Fish do feel pain and certainly also feel fear. Zoologists point out that all vertebrates have essentially the same nervous system as do the higher mammals and human being. When a fish is “hooked” and dragged to its death, it feels approximately the same degree of pain as would Mop or Paddy if he or she was pierced through the mouth and pulled across Moodie Street to the house opposite. (Your Uncle Bruce points out that, when the fish is gasping on the floor of the boat or dock, it is literally “drowning”.)

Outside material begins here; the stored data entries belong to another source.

theorem lemma2p4:
  fixes D E :: "(real^'n) set" and c :: "int^'n" and \<xi> :: "nat \<Rightarrow> int^'n"
    and w z :: "nat \<Rightarrow> nat"
  assumes "is_newton_polyhedron D"
    and "loose_edge D E"
    and "primitive_lattice_vec c" and "parallel_to c E"
    and "\<forall>i < CARD('n) - 1. \<forall>j. 0 \<le> \<xi> i $ j"
    and "\<forall>i < CARD('n) - 1. rvec (\<xi> i) \<bullet> rvec c = 0"
    and "inj_on (\<lambda>i. rvec (\<xi> i)) {..< CARD('n) - 1}"
    and "independent ((\<lambda>i. rvec (\<xi> i)) ` {..< CARD('n) - 1})"
    and "z \<in> setM \<xi> c"
    and "\<exists>a \<in> graded_monomials \<xi> w. \<exists>b \<in> graded_monomials \<xi> w. coprime_monomials a b"
  shows "dimR \<xi> (\<lambda>i. w i + z i) = dimR \<xi> w + dimR \<xi> z - 1"
proof -
  interpret weight_grading \<xi> c using assms(3,6-8) by unfold_locales
  have "E \<noteq> {}" "\<And>a. E \<noteq> {a}" using assms(2) unfolding loose_edge_def by auto
  then obtain a b where "a \<in> E" "b \<in> E" "a \<noteq> b" by blast
  then have mixed: "mixed_signs c"
    using compact_face_direction_mixed_signs assms(1,2,4) unfolding loose_edge_def by blast
  obtain m where m: "0 \<le> m" "has_weight \<xi> (m *s neg_part c) w"
    using coprime_graded_monomials_neg_part assms(10) by blast
  obtain \<alpha> where \<alpha>: "has_weight \<xi> \<alpha> z" "nonneg_on_orthogonal_cone c \<alpha>"
    using assms(9) unfolding setM_def has_weight_def nonneg_on_orthogonal_cone_def by blast
  have "dimR \<xi> (\<lambda>i. w i + z i) = dimR \<xi> z + nat m"
    by (rule dimR_add_neg_part[OF mixed m \<alpha>])
  moreover have "dimR \<xi> w = 1 + nat m"
    using dimR_add_neg_part[OF mixed m has_weight_zero nonneg_on_orthogonal_cone_zero] dimR_zero[OF mixed]
    by simp
  ultimately show ?thesis by simp
qed

end
lemma card_left_points_threshold_pair:
  assumes gp: "general_position S" and fin: "finite S" and n: "card S = i + j + 3"
  shows "card {e \<in> distinct_pairs S. i < card (left_points S e)}
       + card {e \<in> distinct_pairs S. j < card (left_points S e)} = card S * (card S - 1)"
proof -
  have "card {e \<in> distinct_pairs S. j < card (left_points S e)}
      = card {e \<in> distinct_pairs S. card (left_points S e) \<le> i}"
    unfolding swap_left_points_threshold[OF assms, symmetric] by (simp add: card_image)
  then show ?thesis
    using card_filter_add_card_filter_not[OF finite_distinct_pairs[OF fin],
        of "\<lambda>e. i < card (left_points S e)"] card_distinct_pairs[OF fin]
    by (simp add: not_less)
qed

theorem mainTheorem5:
  fixes S :: "complex set" and n i :: nat
  assumes "finite S" and "card S = n" and "n \<ge> 3"
    and "general_position S"
    and "i \<le> n - 3"
  shows "circle_count S i + circle_count S (n - i - 3) = 2 * (i + 1) * (n - 2 - i)"
proof -
  define m where "m = n - i - 3"
  have n: "card S = i + m + 3" "card S = m + i + 3"
    using assms(2,3,5) unfolding m_def by simp_all
  have "circle_count S i + 2 * ((m + 2) choose 2) + (circle_count S m + 2 * ((i + 2) choose 2))
      = n * (n - 1)"
    using circle_count_left_points_threshold[OF assms(4,1) n(1), of i] circle_count_left_points_threshold[OF assms(4,1) n(2), of m]
      card_left_points_threshold_pair[OF assms(4,1) n(1)] assms(2) by simp
  moreover have "2 * ((m + 2) choose 2) = (m + 2) * (m + 1)" "2 * ((i + 2) choose 2) = (i + 2) * (i + 1)"
    using two_mult_choose_two[of "m + 2"] two_mult_choose_two[of "i + 2"] by simp_all
  moreover have "n * (n - 1) = (m + 2) * (m + 1) + (i + 2) * (i + 1) + 2 * (i + 1) * (m + 1)"
    using n(1) assms(2) by (simp add: algebra_simps)
  ultimately show ?thesis
    unfolding m_def[symmetric] using n(1) assms(2) by (simp add: algebra_simps)
qed

end
text \<open>Comparing with any embedding \<open>zs\<close>: each set in the definition of \<open>emb\<close> contains
  \<open>zs ! j\<close>, so \<open>emb j\<close> exists, carries the sign \<open>\<sigma>1 ! j\<close> and lies at or below \<open>zs ! j\<close>.\<close>

lemma emb_below_embedding:
  assumes zs: "sorted_wrt (<) zs" "\<sigma>1 = map \<sigma>2 zs" and j: "j < length \<sigma>1"
  shows "\<sigma>2 (emb j) = \<sigma>1 ! j \<and> emb j \<le> zs ! j \<and> (\<forall>i. j = Suc i \<longrightarrow> emb i < emb j)"
  using j
proof (induction j)
  case 0
  have "zs ! 0 \<in> {k. \<sigma>2 k = \<sigma>1 ! 0}" using 0 zs(2) by simp
  then show ?case using Min_in[of "{k. \<sigma>2 k = \<sigma>1 ! 0}"] Min_le[of "{k. \<sigma>2 k = \<sigma>1 ! 0}"]
    by auto
next
  case (Suc j)
  define S where "S = {k. emb j < k \<and> \<sigma>2 k = \<sigma>1 ! Suc j}"
  have "emb j \<le> zs ! j" using Suc by simp
  moreover have "zs ! j < zs ! Suc j"
    using sorted_wrt_nth_less[OF zs(1)] Suc.prems zs(2) by simp
  ultimately have zS: "zs ! Suc j \<in> S" using Suc.prems zs(2) unfolding S_def by simp
  have fin: "finite S" by simp
  have "S \<noteq> {}" using zS by blast
  then have "Min S \<in> S" "Min S \<le> zs ! Suc j" using Min_in[OF fin] Min_le[OF fin zS] by auto
  moreover have "emb (Suc j) = Min S" unfolding S_def by simp
  ultimately show ?case unfolding S_def by simp
qed

lemma emb_sign: "j < length \<sigma>1 \<Longrightarrow> \<sigma>2 (emb j) = \<sigma>1 ! j"
  using emb_below_embedding embedding_witness by metis
lemma gen_ideal_subset:
  assumes C: "is_subsemiring C" and "H \<subseteq> gen_ideal C G"
  shows "gen_ideal C H \<subseteq> gen_ideal C G"
proof
  fix x
  assume "x \<in> gen_ideal C H"
  then obtain F c where F: "finite F" "F \<subseteq> H" "\<forall>f\<in>F. c f \<in> C" "x = (\<Sum>f\<in>F. c f * f)"
    by (auto simp: gen_ideal_def)
  show "x \<in> gen_ideal C G"
    unfolding F(4) using F(2,3) assms(2) by (intro gen_ideal_sum[OF C] gen_ideal_mult_left[OF C]) auto
qed

lemma gen_ideal_mult:
  assumes C: "is_subsemiring C" and "x \<in> gen_ideal C G" "y \<in> gen_ideal C H"
  shows "x * y \<in> gen_ideal C {g * h | g h. g \<in> G \<and> h \<in> H}"
proof -
  let ?GH = "{g * h | g h. g \<in> G \<and> h \<in> H}"
  obtain F c where F: "finite F" "F \<subseteq> G" "\<forall>f\<in>F. c f \<in> C" "x = (\<Sum>f\<in>F. c f * f)"
    using assms(2) by (auto simp: gen_ideal_def)
  obtain F' c' where F': "finite F'" "F' \<subseteq> H" "\<forall>f\<in>F'. c' f \<in> C" "y = (\<Sum>f\<in>F'. c' f * f)"
    using assms(3) by (auto simp: gen_ideal_def)
  have "x * y = (\<Sum>f\<in>F. \<Sum>f'\<in>F'. (c f * c' f') * (f * f'))"
    unfolding F(4) F'(4) sum_product by (intro sum.cong refl) (simp add: ac_simps)
  also have "\<dots> \<in> gen_ideal C ?GH"
  proof (intro gen_ideal_sum[OF C] mult_generator_in_gen_ideal)
    fix f f'
    assume "f \<in> F" "f' \<in> F'"
    then show "f * f' \<in> ?GH"
      using F(2) F'(2) by blast
    show "c f * c' f' \<in> C" if "f \<in> F" "f' \<in> F'"
      using that F(3) F'(3) C by (simp add: is_subsemiring_def)
  qed
  finally show ?thesis .
qed

lemma hom_in_gen_ideal:
  assumes C': "is_subsemiring C'"
    and h: "\<And>a b. h (a + b) = h a + h b" "\<And>a b. h (a * b) = h a * h b" "h 0 = 0"
    and "h ` C \<subseteq> C'" "h ` G \<subseteq> gen_ideal C' H" "x \<in> gen_ideal C G"
  shows "h x \<in> gen_ideal C' H"
proof -
  obtain F c where F: "finite F" "F \<subseteq> G" "\<forall>f\<in>F. c f \<in> C" "x = (\<Sum>f\<in>F. c f * f)"
    using assms(7) by (auto simp: gen_ideal_def)
  have h_sum: "h (\<Sum>x\<in>X. g x) = (\<Sum>x\<in>X. h (g x))" for g and X :: "'c set"
    by (induction X rule: infinite_finite_induct) (auto simp: h(1,3))
  show ?thesis
    unfolding F(4) h_sum h(2) using F(2,3) assms(5,6)
    by (intro gen_ideal_sum[OF C'] gen_ideal_mult_left[OF C']) blast+
qed

lemma gen_ideal_image_gen_ideal:
  assumes C: "is_subsemiring C" and C': "is_subsemiring C'"
    and h: "\<And>a b. h (a + b) = h a + h b" "\<And>a b. h (a * b) = h a * h b" "h 0 = 0" "h ` C \<subseteq> C'"
  shows "gen_ideal C' (h ` gen_ideal C G) = gen_ideal C' (h ` G)"
proof
  have "h ` G \<subseteq> gen_ideal C' (h ` G)"
    using generator_in_gen_ideal[OF C', of _ "h ` G"] by blast
  then have "h ` gen_ideal C G \<subseteq> gen_ideal C' (h ` G)"
    using hom_in_gen_ideal[OF C' h] by (simp add: image_subset_iff)
  then show "gen_ideal C' (h ` gen_ideal C G) \<subseteq> gen_ideal C' (h ` G)"
    by (rule gen_ideal_subset[OF C'])
  have "h ` G \<subseteq> h ` gen_ideal C G"
    using generator_in_gen_ideal[OF C, of _ G] by blast
  then have "h ` G \<subseteq> gen_ideal C' (h ` gen_ideal C G)"
    using generator_in_gen_ideal[OF C', of _ "h ` gen_ideal C G"] by blast
  then show "gen_ideal C' (h ` G) \<subseteq> gen_ideal C' (h ` gen_ideal C G)"
    by (rule gen_ideal_subset[OF C'])
qed

definition products :: "nat \<Rightarrow> 'a set \<Rightarrow> 'a::comm_monoid_mult set" where
  "products r G = {(\<Prod>i<r. g i) | g. \<forall>i<r. g i \<in> G}"

lemma ideal_pow_eq_gen_ideal_products: "ideal_pow C J r = gen_ideal C (products r J)"
  by (simp add: ideal_pow_def products_def)

lemma products_0 [simp]: "products 0 G = {1}"
  by (simp add: products_def)

lemma products_Suc: "products (Suc r) G = {x * y | x y. x \<in> products r G \<and> y \<in> G}"
proof safe
  fix z
  assume "z \<in> products (Suc r) G"
  then obtain g where "z = (\<Prod>i<Suc r. g i)" "\<forall>i<Suc r. g i \<in> G"
    by (auto simp: products_def)
  then show "\<exists>x y. z = x * y \<and> x \<in> products r G \<and> y \<in> G"
    unfolding products_def by (intro exI[of _ "\<Prod>i<r. g i"] exI[of _ "g r"]) auto
next
  fix x y
  assume "x \<in> products r G" "y \<in> G"
  then obtain g where "x = (\<Prod>i<r. g i)" "\<forall>i<r. g i \<in> G"
    by (auto simp: products_def)
  then have "x * y = (\<Prod>i<Suc r. (g(r := y)) i)" "\<forall>i<Suc r. (g(r := y)) i \<in> G"
    using \<open>y \<in> G\<close> by (auto intro!: prod.cong)
  then show "x * y \<in> products (Suc r) G"
    unfolding products_def by blast
qed

lemma products_mono: "G \<subseteq> H \<Longrightarrow> products r G \<subseteq> products r H"
  by (auto simp: products_def)

lemma image_products:
  assumes "\<And>x y. h (x * y) = h x * h y" "h 1 = 1"
  shows "h ` products r G = products r (h ` G)"
proof (induction r)
  case (Suc r)
  have "h ` products (Suc r) G = {h (x * y) | x y. x \<in> products r G \<and> y \<in> G}"
    unfolding products_Suc by blast
  also have "\<dots> = {h x * h y | x y. x \<in> products r G \<and> y \<in> G}"
    by (simp only: assms(1))
  also have "\<dots> = {a * b | a b. a \<in> h ` products r G \<and> b \<in> h ` G}"
    by blast
  finally show ?case
    by (simp add: Suc.IH products_Suc)
qed (simp add: assms(2))

lemma ideal_pow_gen_ideal:
  assumes C: "is_subsemiring C"
  shows "ideal_pow C (gen_ideal C G) r = gen_ideal C (products r G)"
proof
  have "products r (gen_ideal C G) \<subseteq> gen_ideal C (products r G)"
  proof (induction r)
    case 0
    show ?case
      using generator_in_gen_ideal[OF C] by simp
  next
    case (Suc r)
    show ?case
    proof
      fix z
      assume "z \<in> products (Suc r) (gen_ideal C G)"
      then obtain x y where "z = x * y" "x \<in> products r (gen_ideal C G)" "y \<in> gen_ideal C G"
        by (auto simp: products_Suc)
      with Suc.IH show "z \<in> gen_ideal C (products (Suc r) G)"
        unfolding products_Suc by (blast intro: gen_ideal_mult[OF C])
    qed
  qed
  then show "ideal_pow C (gen_ideal C G) r \<subseteq> gen_ideal C (products r G)"
    unfolding ideal_pow_eq_gen_ideal_products by (rule gen_ideal_subset[OF C])
  have "products r G \<subseteq> products r (gen_ideal C G)"
    by (intro products_mono subsetI generator_in_gen_ideal[OF C])
  then have "products r G \<subseteq> gen_ideal C (products r (gen_ideal C G))"
    using generator_in_gen_ideal[OF C, of _ "products r (gen_ideal C G)"] by blast
  then show "gen_ideal C (products r G) \<subseteq> ideal_pow C (gen_ideal C G) r"
    unfolding ideal_pow_eq_gen_ideal_products by (rule gen_ideal_subset[OF C])
qed

section \<open>Substituting along the fibres of a map\<close>

definition fibre_subst :: "('w \<Rightarrow> 'v) \<Rightarrow> 'w set \<Rightarrow> ('v, 'k::comm_ring_1) mpoly \<Rightarrow> ('w, 'k) mpoly" where
  "fibre_subst f K = subst (\<lambda>v. \<Prod>k\<in>{k\<in>K. f k = v}. var k)"

definition pullback_exp :: "('w \<Rightarrow> 'v) \<Rightarrow> 'w set \<Rightarrow> ('v \<Rightarrow>\<^sub>0 nat) \<Rightarrow> ('w \<Rightarrow>\<^sub>0 nat)" where
  "pullback_exp f K \<alpha> = Abs_poly_mapping (\<lambda>k. if k \<in> K then Poly_Mapping.lookup \<alpha> (f k) else 0)"

lemma lookup_pullback_exp:
  assumes "finite K"
  shows "Poly_Mapping.lookup (pullback_exp f K \<alpha>) k = (if k \<in> K then Poly_Mapping.lookup \<alpha> (f k) else 0)"
proof -
  have "finite {k. (if k \<in> K then Poly_Mapping.lookup \<alpha> (f k) else 0) \<noteq> 0}"
    by (rule finite_subset[OF _ assms]) auto
  then show ?thesis
    by (simp add: pullback_exp_def)
qed

lemma pullback_exp_lcm_exp:
  assumes "finite K" "finite E" "E \<noteq> {}"
  shows "pullback_exp f K (lcm_exp E) = lcm_exp (pullback_exp f K ` E)"
  by (rule poly_mapping_eqI) (use assms in \<open>auto simp: lookup_pullback_exp lookup_lcm_exp image_image\<close>)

In 2005, the Royal Society, the most prestigious scientific body in Europe, conducted thousands of tests on all species of fresh water fish. The biologists found, for example, that a fish, when hooked, experiences the same degree of electrical charge in its pain receptors as do mammals. Even when a non-barbed hook is used, the pain is equally great. After being hooked and released, a fish is in pain and shock: it does not join its fellows in its “school” but sinks to the bottom and remains almost motionless for several days. And, believe it or not, 32% to 36% of all “catch and release” victims die within four weeks of the experience of being caught: the shock proves to have been too great for them!

Fishermen don’t like to be told these facts — just as people don’t like to be told how Kentucky Fried Chicken forces 800 million chickens each year to live in extreme torture, packed so tightly, six-to-a-cage, into cages so small that the birds literally cannot move! We don’t like to face what we do to our “brothers and sisters”; we are truly the cruelest of all God’s creatures. As the great Dean Inge said, “If animals had a theology, we would be their devils!”

Whether you feel it’s right to fish or not is entirely your business. I just want to point out gently that fish do feel great pain and fear and that fishing for them is anything but “fun” or “sport”. We each have to form our own moral codes. I am ashamed of so much that I did when I was younger — my life has been a failure in many departments. My deepest shame and regret, however, is the way that in my younger years I stood by and witnessed my fellow creatures’ suffering and did nothing about it.